The truth is, we have full permission to turn any experience into our greatest blessing (yes, even the ones that feel impossible to come back from). We have the power to transform our broken hearts into the most amazing romances of our lifetime. And we have the full capability to learn our lessons and find love again. With the tears streaming down Holly’s face as Paul recited these words, you can tell she’s having a similar epiphany. A moment of “Why am I holding myself back from the very thing I want in an attempt to get what I want?” We cannot love honestly until we’re courageous enough to own our past, show up fully in our present, and surrender the need to always be in suffocating control of our future.
Every man’s greatest underlying fear is “Do I have what it takes?” and every woman’s greatest underlying fear is “Am I worth it?”
As for Paul in this scene, my heart gushed at his confident, healthy display of masculinity. A man who can read a woman, challenge her through tough love without demeaning her, and put in the work instead of immediately moving “onto the next one” is purely refreshing.
I once heard it said that every man’s greatest underlying fear is “Do I have what it takes?” and every woman’s greatest underlying fear is “Am I worth it?” If you look at how this shadow-side manifests in the male-female romantic dynamic, then you can see how the dominating “independent girlboss” archetype and a loss of true masculinity can threaten the flow of this sacred connection. To empower the male and female exchange, it’s vital to validate a woman’s worth and create space for the man to provide and protect. Despite society’s misconception, there’s a way to honor this ebb and flow of energy without having to sacrifice who you authentically are, as it’s not about hiding yourself to succumb to someone else’s needs – it’s about mutually respecting each other's needs to strengthen a relationship.

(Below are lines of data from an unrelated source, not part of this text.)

(* Let $f(z)=\prod_{j=1}^\infty(1+z/b_j)$, $z\in\mathbb{C}$, where $(b_j)_{j\ge1}$ is an increasing sequence of positive numbers with $\sum_{j\ge1}1/b_j<+\infty$, and assume $f$ has order $\rho\in(0,1)$. Let $F(s)=\ln f(e^s)=\sum_{j\ge1}\ln(1+e^s/b_j)$, $s\in\mathbb{R}$. Then $$\liminf_{s\to+\infty}\frac{|F^{(k)}(s)|}{F''(s)^{k/2}}=0\quad\text{for every integer }k\ge3.$$
   Context: The order of an entire function $f$ is $\limsup_{r\to\infty}\frac{\ln\ln\max_{|z|=r}|f(z)|}{\ln r}$. $F^{(k)}$ denotes the $k$-th derivative. *)

theory Defs
  imports "HOL-Analysis.Analysis"
begin

definition max_modulus :: "(complex \<Rightarrow> complex) \<Rightarrow> real \<Rightarrow> real" where
  "max_modulus f r = Sup ((\<lambda>z. norm (f z)) ` sphere 0 r)"

definition entire_order :: "(complex \<Rightarrow> complex) \<Rightarrow> ereal" where
  "entire_order f = Limsup at_top (\<lambda>r::real. ereal (ln (ln (max_modulus f r)) / ln r))"

end

theory Submission
  imports Defs "HOL-Computational_Algebra.Polynomial" "HOL-Real_Asymp.Real_Asymp"
begin

text \<open>Put \<open>\<sigma>\<^sub>j(s) = e\<^sup>s / (b\<^sub>j + e\<^sup>s)\<close>. For \<open>k \<ge> 1\<close> the \<open>k\<close>-th derivative of
  \<open>ln (1 + e\<^sup>s / b\<^sub>j)\<close> is \<open>P(\<sigma>\<^sub>j)\<close> for a polynomial \<open>P\<close> depending only on \<open>k\<close>, and for
  \<open>k \<ge> 2\<close> it is divisible by \<open>X (1 - X)\<close>, while the second derivative is exactly
  \<open>\<sigma>\<^sub>j (1 - \<sigma>\<^sub>j)\<close>. Summing over \<open>j\<close> gives \<open>|F\<^sup>(\<^sup>k\<^sup>)| \<le> C F''\<close>. Moreover \<open>F''\<close> is unbounded:
  otherwise \<open>F(s) = O(s\<^sup>2)\<close>, hence \<open>ln M(r) \<le> F(ln r) = O((ln r)\<^sup>2)\<close> and \<open>f\<close> would have
  order \<open>0\<close>. Where \<open>F''\<close> is large, the ratio is at most \<open>C F'' / F''\<^sup>k\<^sup>/\<^sup>2\<close>, which is small
  because \<open>k > 2\<close>.\<close>

lemma Liminf_le_if_frequently_le:
  fixes X :: "'a \<Rightarrow> 'b::complete_linorder"
  assumes "\<exists>\<^sub>F x in F. X x \<le> C"
  shows "Liminf F X \<le> C"
proof (rule Liminf_least)
  fix P
  assume "eventually P F"
  then obtain x where "P x" "X x \<le> C"
    using frequently_eventually_frequently[OF assms] frequently_ex by blast
  then show "(INF x\<in>Collect P. X x) \<le> C"
    by (auto intro: INF_lower2)
qed

lemma Liminf_abs_div_powr_eq_0:
  fixes g h :: "'a \<Rightarrow> real"
  assumes h_le: "\<And>x. \<bar>h x\<bar> \<le> C * g x" and p: "1 < p"
    and g_unbounded: "\<And>L. \<exists>\<^sub>F x in F. L \<le> g x"
  shows "Liminf F (\<lambda>x. ereal (\<bar>h x\<bar> / g x powr p)) = 0"
proof (rule antisym)
  show "Liminf F (\<lambda>x. ereal (\<bar>h x\<bar> / g x powr p)) \<le> 0"
  proof (rule ereal_le_epsilon2)
    fix e :: real
    assume "0 < e"
    have "((\<lambda>y. C * y powr (1 - p)) \<longlongrightarrow> 0) at_top"
      using p by (intro tendsto_mult_right_zero tendsto_neg_powr filterlim_ident) auto
    then have "\<forall>\<^sub>F y in at_top. C * y powr (1 - p) < e"
      using \<open>0 < e\<close> by (rule order_tendstoD)
    then obtain L where L: "\<And>y. L \<le> y \<Longrightarrow> C * y powr (1 - p) < e"
      by (auto simp: eventually_at_top_linorder)
    have "\<bar>h x\<bar> / g x powr p \<le> e" if "max L 1 \<le> g x" for x
    proof -
      have "\<bar>h x\<bar> / g x powr p \<le> C * g x / g x powr p"
        using h_le by (intro divide_right_mono) auto
      also have "\<dots> = C * g x powr (1 - p)"
        using that by (simp add: powr_diff)
      also have "\<dots> < e"
        using L that by auto
      finally show ?thesis
        by simp
    qed
    then have "\<exists>\<^sub>F x in F. ereal (\<bar>h x\<bar> / g x powr p) \<le> 0 + ereal e"
      using g_unbounded[of "max L 1"] by (auto elim!: frequently_elim1)
    then show "Liminf F (\<lambda>x. ereal (\<bar>h x\<bar> / g x powr p)) \<le> 0 + ereal e"
      by (rule Liminf_le_if_frequently_le)
  qed
  show "0 \<le> Liminf F (\<lambda>x. ereal (\<bar>h x\<bar> / g x powr p))"
    by (intro Liminf_bounded always_eventually allI) simp
qed

lemma MVT_affine_upper_bound:
  fixes g :: "real \<Rightarrow> real"
  assumes g: "\<And>s. (g has_real_derivative g' s) (at s)"
    and g'_le: "\<And>s. a \<le> s \<Longrightarrow> g' s \<le> A + B * (s - a)" and B: "0 \<le> B"
    and s: "a \<le> s"
  shows "g s \<le> g a + (s - a) * (A + B * (s - a))"
proof (cases "a = s")
  case False
  with s obtain z where z: "a < z" "z < s" "g s - g a = (s - a) * g' z"
    using MVT2[OF _ g] by (metis order_le_imp_less_or_eq)
  have "g' z \<le> A + B * (s - a)"
    using g'_le[of z] z B mult_left_mono[of "z - a" "s - a" B] by auto
  then have "(s - a) * g' z \<le> (s - a) * (A + B * (s - a))"
    using s by (intro mult_left_mono) auto
  then show ?thesis
    using z by (simp add: algebra_simps)
qed simp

In whatever ways you’ve been locking yourself away in a cage of your own creation, hopefully this scene has motivated you to escape. Leading life from the heart is the only way to ensure you find happiness. Paul is right, people do belong together. That’s the nature of humanity. The more we run from this truth, the further away we get from attaining it. So allow yourself to remain open to all opportunities – the opportunity to love, the opportunity to get your heart broken, and the opportunity to discover yourself more deeply from it and love again.